Confidence scoring: Assign confidence to discovered links. Use high-confidence links for traversal, low-confidence links for exploration.

Human validation: Sample discovered links and assess quality. Calculate precision. Adjust thresholds to hit target precision.

PageRank for Knowledge Graphs

PageRank was designed for web links but applies naturally to knowledge graphs. The core idea: important documents are referenced by other important documents.

The algorithm:

1. Initialize all documents with equal rank
2. Iteratively redistribute rank based on incoming links
3. Apply damping factor to handle sinks and cycles
4. Converge to stable rank distribution

Interpretation: High PageRank documents are central to the knowledge graph. They're widely referenced and serve as connectors.

Use cases:

• Surface the most important documents on a topic
• Weight retrieval results by document importance
• Identify the core documents in a knowledge domain
• Find authoritative sources for synthesis

Implementation in SQL is possible with recursive CTEs, though dedicated graph processing is faster for large graphs.

Beyond PageRank

PageRank has limitations. Alternative algorithms address different needs:

HITS (Hyperlink-Induced Topic Search): Distinguishes hubs (documents that link to many) from authorities (documents linked by many). Sometimes you want hubs, not just authorities.

Personalized PageRank: Bias rank toward certain seed documents. "What's important relative to this starting point?" instead of global importance.

Topic-sensitive PageRank: Different importance scores for different topics. A document might be authoritative for topic A but not topic B.

Weighted PageRank: Links have weights based on strength of connection. Strong links transfer more rank than weak links.

Temporal PageRank: Recent links matter more than old links. Keeps rankings fresh as knowledge evolves.

The choice depends on your use case. General importance? Standard PageRank. Personalized exploration? Personalized PageRank. Topic-specific authority? Topic-sensitive variant.

Graph Traversal Patterns

With links established, traversal becomes possible:

Single-hop neighbors: What's directly connected to this document? Simple and fast.

Multi-hop paths: What connects to the connections? Finds indirect relationships but risks explosion.

Shortest path: What's the most direct connection between A and B? Reveals relationship structure.

Path finding with constraints: Paths that pass through certain concepts or avoid others.

Subgraph extraction: All nodes within k hops of a starting point. Useful for context building.

Community detection: Groups of densely connected documents. Reveals topic clusters.

Traversal extends retrieval. Instead of "documents similar to query," you get "documents connected to the retrieved context." The graph structure multiplies what each query can surface.

Link Maintenance

Links require maintenance as knowledge evolves:

Stale links: Source document changes but link remains. Periodic revalidation needed.

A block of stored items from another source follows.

(* Let $d\ge1$, $\sigma^2>0$, $\nu>0$, $\phi>0$, $\boldsymbol\lambda\in\mathbb{R}^d$ and $\boldsymbol\Lambda$ a $d\times d$ symmetric positive-definite matrix. For $\rho>0$ let $C_s(\mathbf{x};\rho)=\sigma^2\exp\{-\|\mathbf{x}\|^2/\rho^2\}$, $\mathbf{x}\in\mathbb{R}^d$, and define $C(\mathbf{h},u;\rho):=E_{\mathbf{v}}[C_s(\mathbf{h}-\mathbf{v}u;\rho)]$ where $\mathbf{v}\sim\mathcal{N}_d(\boldsymbol\lambda,\rho^2\boldsymbol\Lambda/2)$. Define $K(\mathbf{h},u):=\int_0^\infty C(\mathbf{h},u;\rho)\,p(\rho^2)\,\mathrm{d}\rho^2$ where $\rho^2\sim\mathrm{Ga}(\nu,1/(4\phi^2))$ with density $p$. Then for all $(\mathbf{h},u)\in\mathbb{R}^d\times\mathbb{R}$, $$K(\mathbf{h},u)=\sigma^2\,|\mathbf{I}_{d}+u^2\boldsymbol\Lambda|^{-1/2}\,\mathcal{M}(h_u;\nu,\phi),$$ where $h_u:=\{(\mathbf{h}-u\boldsymbol\lambda)^\top(u^2\boldsymbol\Lambda+\mathbf{I}_d)^{-1}(\mathbf{h}-u\boldsymbol\lambda)\}^{1/2}$.
   Context: $X\sim\mathrm{Ga}(a,b)$ means $X$ has density $\frac{b^a}{\Gamma(a)}x^{a-1}e^{-bx}$, $x>0$ (shape $a$, rate $b$). The Matérn correlation is $\mathcal{M}(r;\nu,\phi)=\frac{2^{1-\nu}}{\Gamma(\nu)}(r/\phi)^\nu\mathcal{K}_\nu(r/\phi)$ for $r>0$ and $\mathcal{M}(0;\nu,\phi)=1$, where $\mathcal{K}_\nu$ is the modified Bessel function of the second kind of order $\nu$. $|\cdot|$ of a matrix denotes its determinant and $\mathbf{I}_d$ the $d\times d$ identity. *)

theory Defs
  imports "HOL-Analysis.Analysis"
begin

definition besselK :: "real \<Rightarrow> real \<Rightarrow> real" where
  "besselK \<nu> x = (LBINT t:{0..}. exp (- x * cosh t) * cosh (\<nu> * t))"

definition matern :: "real \<Rightarrow> real \<Rightarrow> real \<Rightarrow> real" where
  "matern r \<nu> \<phi> =
     (if r = 0 then 1
      else 2 powr (1 - \<nu>) / Gamma \<nu> * (r / \<phi>) powr \<nu> * besselK \<nu> (r / \<phi>))"

definition gamma_density :: "real \<Rightarrow> real \<Rightarrow> real \<Rightarrow> real" where
  "gamma_density a b x = b powr a / Gamma a * x powr (a - 1) * exp (- b * x)"

definition mvn_density :: "real^'d \<Rightarrow> real^'d^'d \<Rightarrow> real^'d \<Rightarrow> real" where
  "mvn_density \<mu> \<Sigma> v =
     exp (- ((v - \<mu>) \<bullet> (matrix_inv \<Sigma> *v (v - \<mu>))) / 2)
     / sqrt ((2 * pi) ^ CARD('d) * det \<Sigma>)"

definition mvn_expect :: "real^'d \<Rightarrow> real^'d^'d \<Rightarrow> (real^'d \<Rightarrow> real) \<Rightarrow> real" where
  "mvn_expect \<mu> \<Sigma> f = (\<integral>v. f v * mvn_density \<mu> \<Sigma> v \<partial>lborel)"

definition pos_def_sym :: "real^'d^'d \<Rightarrow> bool" where
  "pos_def_sym A \<longleftrightarrow> transpose A = A \<and> (\<forall>x. x \<noteq> 0 \<longrightarrow> x \<bullet> (A *v x) > 0)"

end

theory Submission
  imports Defs "HOL-Probability.Distributions"
begin

(* Given rho^2 = s, the covariance of v is (s/2) Lambda, and averaging the squared exponential
   exp (- |h - u v|^2 / s) against this Gaussian is the integral of the exponential of a quadratic
   form: completing the square yields det (I + u^2 Lambda)^(-1/2) exp (- h_u^2 / s).  Mixing
   exp (- h_u^2 / s) over s ~ Ga(nu, 1/(4 phi^2)) and substituting s = 2 phi h_u e^t turns the
   exponent into - (h_u/phi) cosh t, which is the integral representation of K_nu, hence the
   Matern correlation.  The d-dimensional Gaussian integral is reduced to the standard one via a
   matrix F with F^T P F = I (an orthonormal basis for the inner product of P) and the linear
   change of variables formula. *)

section \<open>Symmetric positive definite matrices\<close>

lemma
  fixes A :: "real^'n::finite^'n"
  assumes "invertible A"
  shows matrix_inv_right: "A ** matrix_inv A = mat 1"
    and matrix_inv_left: "matrix_inv A ** A = mat 1"
proof -
  have "A ** matrix_inv A = mat 1 \<and> matrix_inv A ** A = mat 1"
    using assms unfolding invertible_def matrix_inv_def by (rule someI_ex)
  then show "A ** matrix_inv A = mat 1" "matrix_inv A ** A = mat 1"
    by auto
qed
lemma farkas_fam_cone:
  assumes "finite I" "x \<notin> fam_cone g I"
  shows "\<exists>u. pair x u < 0 \<and> (\<forall>i\<in>I. 0 \<le> pair (g i) u)"
  using assms
proof (induction I arbitrary: g x rule: finite_induct)
  case empty
  then have "x \<noteq> 0"
    by (auto simp: fam_cone_def)
  then have "pair x (- x) < 0"
    using pair_self_pos[of x] by (simp add: pair_neg_right)
  then show ?case
    by blast
next
  case (insert i0 I)
  have "x \<notin> fam_cone g I"
    using insert.prems fam_cone_insert[OF insert.hyps, of g] by force
  then obtain u where u: "pair x u < 0" "\<forall>i\<in>I. 0 \<le> pair (g i) u"
    using insert.IH by blast
  show ?case
  proof (cases "0 \<le> pair (g i0) u")
    case True
    with u show ?thesis
      by auto
  next
    case False
    define h where "h v = pair (g i0) u *s v - pair v u *s g i0" for v
    have "h x \<notin> fam_cone (h \<circ> g) I"
      using insert.hyps insert.prems u False
      by (intro fam_cone_projection_not_in[where u = u]) (auto simp: h_def)
    then obtain w where w: "pair (h x) w < 0" "\<forall>i\<in>I. 0 \<le> pair (h (g i)) w"
      using insert.IH by fastforce
    define u' where "u' = pair (g i0) u *s w - pair (g i0) w *s u"
    have adjoint: "pair v u' = pair (h v) w" for v
      by (simp add: u'_def h_def pair_simps pair_commute[of "g i0" w] algebra_simps)
    have "pair (g i0) u' = 0"
      by (simp add: u'_def pair_simps)
    with w show ?thesis
      by (intro exI[of _ u']) (simp add: adjoint)
  qed
qed

lemma zero_in_cone_gen: "0 \<in> cone_gen S"
  unfolding cone_gen_def by (auto intro!: exI[of _ "\<lambda>_. 0"])

lemma generator_in_cone_gen:
  assumes "finite S" "s \<in> S"
  shows "s \<in> cone_gen S"
proof -
  have "(\<Sum>v\<in>S. (if v = s then 1 else 0) *s v) = (\<Sum>v\<in>S. if v = s then v else 0)"
    by (intro sum.cong) auto
  also have "\<dots> = s"
    using assms by simp
  finally show ?thesis
    unfolding cone_gen_def by (auto intro!: exI[of _ "\<lambda>v. if v = s then 1 else 0"])
qed

lemma cone_gen_add:
  assumes "v \<in> cone_gen S" "w \<in> cone_gen S"
  shows "v + w \<in> cone_gen S"
proof -
  obtain a b where "v = (\<Sum>x\<in>S. a x *s x)" "\<forall>x\<in>S. 0 \<le> a x"
    "w = (\<Sum>x\<in>S. b x *s x)" "\<forall>x\<in>S. 0 \<le> b x"
    using assms by (auto simp: cone_gen_def)
  then show ?thesis
    unfolding cone_gen_def
    by (auto simp: sum.distrib[symmetric] intro!: exI[of _ "\<lambda>x. a x + b x"])
qed

lemma cone_gen_scale:
  assumes "v \<in> cone_gen S" "0 \<le> c"
  shows "c *s v \<in> cone_gen S"
proof -
  obtain a where "v = (\<Sum>x\<in>S. a x *s x)" "\<forall>x\<in>S. 0 \<le> a x"
    using assms by (auto simp: cone_gen_def)
  with assms(2) show ?thesis
    unfolding cone_gen_def
    by (auto simp: vec_eq_iff sum_distrib_left mult.assoc intro!: exI[of _ "\<lambda>x. c * a x"])
qed

lemma cone_gen_absorb:
  assumes "x \<in> cone_gen S"
  shows "{y + c *s x | y c. y \<in> cone_gen S \<and> 0 \<le> c} = cone_gen S"
proof (intro equalityI subsetI)
  fix v
  assume "v \<in> {y + c *s x | y c. y \<in> cone_gen S \<and> 0 \<le> c}"
  then show "v \<in> cone_gen S"
    using assms by (auto intro!: cone_gen_add cone_gen_scale)
next
  fix v
  assume "v \<in> cone_gen S"
  then show "v \<in> {y + c *s x | y c. y \<in> cone_gen S \<and> 0 \<le> c}"
    by (intro CollectI exI[of _ v] exI[of _ "0::rat"]) simp
qed

lemma cone_gen_insert:
  assumes "finite S"
  shows "cone_gen (insert x S) = {y + c *s x | y c. y \<in> cone_gen S \<and> 0 \<le> c}"
proof (cases "x \<in> S")
  case True
  then show ?thesis
    using cone_gen_absorb[OF generator_in_cone_gen[OF assms True]] by (simp add: insert_absorb)
next
  case False
  then show ?thesis
    using fam_cone_insert[OF assms False] by (simp add: cone_gen_eq_fam_cone)
qed

lemma cone_gen_remove_redundant:
  assumes "finite S" "s \<in> S" "s \<in> cone_gen (S - {s})"
  shows "cone_gen (S - {s}) = cone_gen S"
proof -
  have "cone_gen S = cone_gen (insert s (S - {s}))"
    using assms(2) by (simp add: insert_absorb)
  also have "\<dots> = {y + c *s s | y c. y \<in> cone_gen (S - {s}) \<and> 0 \<le> c}"
    using assms(1) by (intro cone_gen_insert) simp
  also have "\<dots> = cone_gen (S - {s})"
    by (rule cone_gen_absorb[OF assms(3)])
  finally show ?thesis ..
qed

lemma pair_cone_gen_nonneg:
  assumes "v \<in> cone_gen S" "\<And>s. s \<in> S \<Longrightarrow> 0 \<le> pair s u"
  shows "0 \<le> pair v u"
  using assms pair_fam_cone_nonneg[of v "\<lambda>v. v" S u] by (simp add: cone_gen_eq_fam_cone)

lemma cone_gen_singleton: "cone_gen {q} = {c *s q | c. 0 \<le> c}"
  unfolding cone_gen_def by auto

lemma cone_gen_singleton_scale:
  assumes "0 < c"
  shows "cone_gen {c *s q} = cone_gen {q}"
proof -
  have "d *s q = (d / c) *s (c *s q)" for d
    using assms by simp
  then show ?thesis
    using assms unfolding cone_gen_singleton by (fastforce intro: divide_nonneg_pos)
qed

lemma rat_poly_cone_irredundant_generators:
  assumes "rat_poly_cone \<sigma>"
  obtains S where "finite S" "\<forall>v\<in>S. lattice_pt v" "\<sigma> = cone_gen S"
    "\<And>x. x \<in> S \<Longrightarrow> x \<notin> cone_gen (S - {x})"
proof -
  from assms obtain S where S: "finite S" "\<forall>v\<in>S. lattice_pt v" "\<sigma> = cone_gen S"
    by (auto simp: rat_poly_cone_def)
  define generates where "generates T \<longleftrightarrow> T \<subseteq> S \<and> cone_gen T = \<sigma>" for T
  obtain S0 where S0: "generates S0" "\<And>T. generates T \<Longrightarrow> card S0 \<le> card T"
    using ex_has_least_nat[of generates S card] S(3) by (auto simp: generates_def)
  have fin: "finite S0"
    using S0(1) S(1) by (auto simp: generates_def intro: finite_subset)
  have "x \<notin> cone_gen (S0 - {x})" if "x \<in> S0" for x
  proof
    assume "x \<in> cone_gen (S0 - {x})"
    then have "generates (S0 - {x})"
      using S0(1) fin that cone_gen_remove_redundant by (auto simp: generates_def)
    then have "card S0 \<le> card (S0 - {x})"
      by (rule S0(2))
    with card_Diff1_less[OF fin that] show False
      by linarith
  qed
  with S0(1) fin S(2) show ?thesis
    by (intro that[of S0]) (auto simp: generates_def)
qed

lemma lattice_pt_primitive_multiple:
  assumes "lattice_pt s" "s \<noteq> 0"
  shows "\<exists>q c. primitive q \<and> 0 < c \<and> s = c *s q"
proof -
  define a where "a i = \<lfloor>s $ i\<rfloor>" for i
  have s_eq: "s $ i = of_int (a i)" for i
    using assms(1) unfolding lattice_pt_def a_def by (metis Ints_cases floor_of_int)
  define G where "G = Gcd (range a)"
  from assms(2) obtain i0 where "s $ i0 \<noteq> 0"
    by (auto simp: vec_eq_iff)
  then have "G \<noteq> 0"
    using s_eq by (auto simp: G_def)
  then have G_pos: "0 < G"
    unfolding G_def by (metis Gcd_int_greater_eq_0 order_le_neq_trans)
  have G_dvd: "G dvd a i" for i
    unfolding G_def by (rule Gcd_dvd) auto
  define q where "q = (1 / of_int G) *s s"
  have q_eq: "q $ i = of_int (a i div G)" for i
    using G_dvd[of i] G_pos unfolding q_def by (auto simp: s_eq elim!: dvdE)
  have "primitive q"
    unfolding primitive_def
  proof (intro conjI allI impI)
    show "lattice_pt q"
      unfolding lattice_pt_def q_eq by auto
    show "q \<noteq> 0"
      using assms(2) G_pos unfolding q_def by auto
    fix m :: int and w
    assume mw: "lattice_pt w \<and> q = of_int m *s w"
    have "G * m dvd a i" for i
    proof -
      obtain d where d: "w $ i = of_int d"
        using mw unfolding lattice_pt_def by (metis Ints_cases)
      have "of_int (a i div G) = (of_int (m * d) :: rat)"
        using mw d q_eq[of i] by auto
      then have "a i = G * (m * d)"
        using G_dvd[of i] by (metis of_int_eq_iff dvd_mult_div_cancel)
      then show ?thesis
        by auto
    qed
    then have "G * m dvd G"
      unfolding G_def by (intro Gcd_greatest) auto
    then have "G * m dvd G * 1"
      by simp
    then have "m dvd 1"
      using G_pos by (subst (asm) dvd_mult_cancel_left) auto
    then show "\<bar>m\<bar> = 1"
      by simp
  qed
  moreover have "s = of_int G *s q"
    using G_pos unfolding q_def by simp
  ultimately show ?thesis
    using G_pos by (intro exI[of _ q] exI[of _ "of_int G"]) auto
qed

Missing links: New documents don't automatically link to existing content. Re-run discovery for new content.

Broken links: Referenced document deleted. Clean up dangling references.

Quality degradation: Embedding models update, changing similarity scores. Links based on old scores may need recalculation.

Link weight updates: As documents change, connection strength may change. Weight updates keep the graph accurate.

Treat links as derived data that needs refresh, not as permanent facts. The maintenance overhead is real but manageable with good tooling.

Practical Implementation

A practical link discovery pipeline:

Batch discovery: When ingesting new documents, compute similarities against existing documents. Create links above threshold.

Scheduled refresh: Periodically recompute similarities for the full graph. Catch drift and changes.

Quality sampling: Randomly sample links and validate. Track precision over time.

Storage design: Store links in a table with source, target, type, confidence, and timestamp. Index for fast traversal.

Graph export: For heavy graph operations, export to a graph processing framework. Import results back to PostgreSQL.

The goal is making links cheap to compute, store, and use. If links are expensive, they won't be maintained. If they aren't maintained, they lose value.